Provided data: Begin

lemma power_int_eq_sgn_of_bit_mult_abs:
  assumes "(x :: real) \<noteq> 0"
  shows "x powi k = sgn_of_bit (of_int k * sign_bit x) * \<bar>x\<bar> powi k"
proof (cases "x < 0")
  case True
  then have "x powi k = (- \<bar>x\<bar>) powi k" by simp
  with True show ?thesis
    by (simp add: power_int_minus_left sign_bit_def of_int_bit)
qed (use assms in \<open>simp add: sign_bit_def\<close>)

lemma prod_power_int_eq_sgn_of_bit_mult_abs:
  assumes "\<forall>i\<in>I. z i \<noteq> (0 :: real)"
  shows "(\<Prod>i\<in>I. z i powi k i)
    = sgn_of_bit (\<Sum>i\<in>I. of_int (k i) * sign_bit (z i)) * (\<Prod>i\<in>I. \<bar>z i\<bar> powi k i)"
proof -
  have "(\<Prod>i\<in>I. z i powi k i) = (\<Prod>i\<in>I. sgn_of_bit (of_int (k i) * sign_bit (z i)) * \<bar>z i\<bar> powi k i)"
    using assms by (intro prod.cong refl power_int_eq_sgn_of_bit_mult_abs) auto
  then show ?thesis
    by (simp add: sgn_of_bit_sum prod.distrib)
qed

lemma prod_abs_power_int_pos:
  "\<forall>i\<in>I. z i \<noteq> (0 :: real) \<Longrightarrow> (\<Prod>i\<in>I. \<bar>z i\<bar> powi k i) > 0"
  by (intro prod_pos) auto

lemma ln_power_int: "(x :: real) > 0 \<Longrightarrow> ln (x powi k) = of_int k * ln x"
  by (cases "k \<ge> 0") (simp_all add: power_int_def ln_realpow ln_inverse flip: power_inverse)

lemma ln_prod_power_int:
  assumes "finite I" "\<forall>i\<in>I. z i > (0 :: real)"
  shows "ln (\<Prod>i\<in>I. z i powi k i) = (\<Sum>i\<in>I. of_int (k i) * ln (z i))"
  using assms by (subst ln_prod) (auto simp: ln_power_int)

lemma sgn_of_bit_mult_eq_iff:
  assumes "A > 0"
  shows "sgn_of_bit S * A = D \<longleftrightarrow> D \<noteq> 0 \<and> S = sign_bit D \<and> ln A = ln \<bar>D\<bar>"
  using assms by (cases S) (auto simp: sign_bit_def)

lemma prod_power_int_eq_iff:
  assumes "finite I" and nz: "\<forall>i\<in>I. z i \<noteq> (0 :: real)"
  shows "(\<Prod>i\<in>I. z i powi k i) = D \<longleftrightarrow>
    D \<noteq> 0 \<and> (\<Sum>i\<in>I. of_int (k i) * sign_bit (z i)) = sign_bit D \<and>
    (\<Sum>i\<in>I. of_int (k i) * ln \<bar>z i\<bar>) = ln \<bar>D\<bar>"
  using assms prod_abs_power_int_pos[OF nz]
  by (simp add: prod_power_int_eq_sgn_of_bit_mult_abs[OF nz] sgn_of_bit_mult_eq_iff
      ln_prod_power_int)

lemma prod_power_int_pos_iff:
  assumes nz: "\<forall>i\<in>I. z i \<noteq> (0 :: real)"
  shows "(\<Prod>i\<in>I. z i powi k i) > 0 \<longleftrightarrow> (\<Sum>i\<in>I. of_int (k i) * sign_bit (z i)) = 0"
  using prod_abs_power_int_pos[OF nz, of k]
  by (cases "(\<Sum>i\<in>I. of_int (k i) * sign_bit (z i))")
    (auto simp: prod_power_int_eq_sgn_of_bit_mult_abs[OF nz] zero_less_mult_iff)

lemma power_int_sum:
  assumes "(x :: 'a :: field) \<noteq> 0"
  shows "x powi (\<Sum>i\<in>I. f i) = (\<Prod>i\<in>I. x powi f i)"
  using assms by (induction I rule: infinite_finite_induct) (simp_all add: power_int_add)

section \<open>Circuits\<close>

lemma circuit_pos:
  assumes "circuit n P"
  shows "0 < n"
proof (rule ccontr)
  assume n: "\<not> 0 < n"
  have "inj_on (\<lambda>k. restrict (P k) {1..n}) {0..n+1}"
    using assms unfolding circuit_def by blast
  moreover have "restrict (P 0) {1..n} = restrict (P 1) {1..n}"
    using n by auto
  ultimately have "(0::nat) = 1"
    by (rule inj_onD) auto
  then show False by simp
qed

Provided data: End

> _What to produce_:
Once you have read the records above, say how many of their lines contain the word "restrict", giving only that figure.

> _Solution to the problem_:
2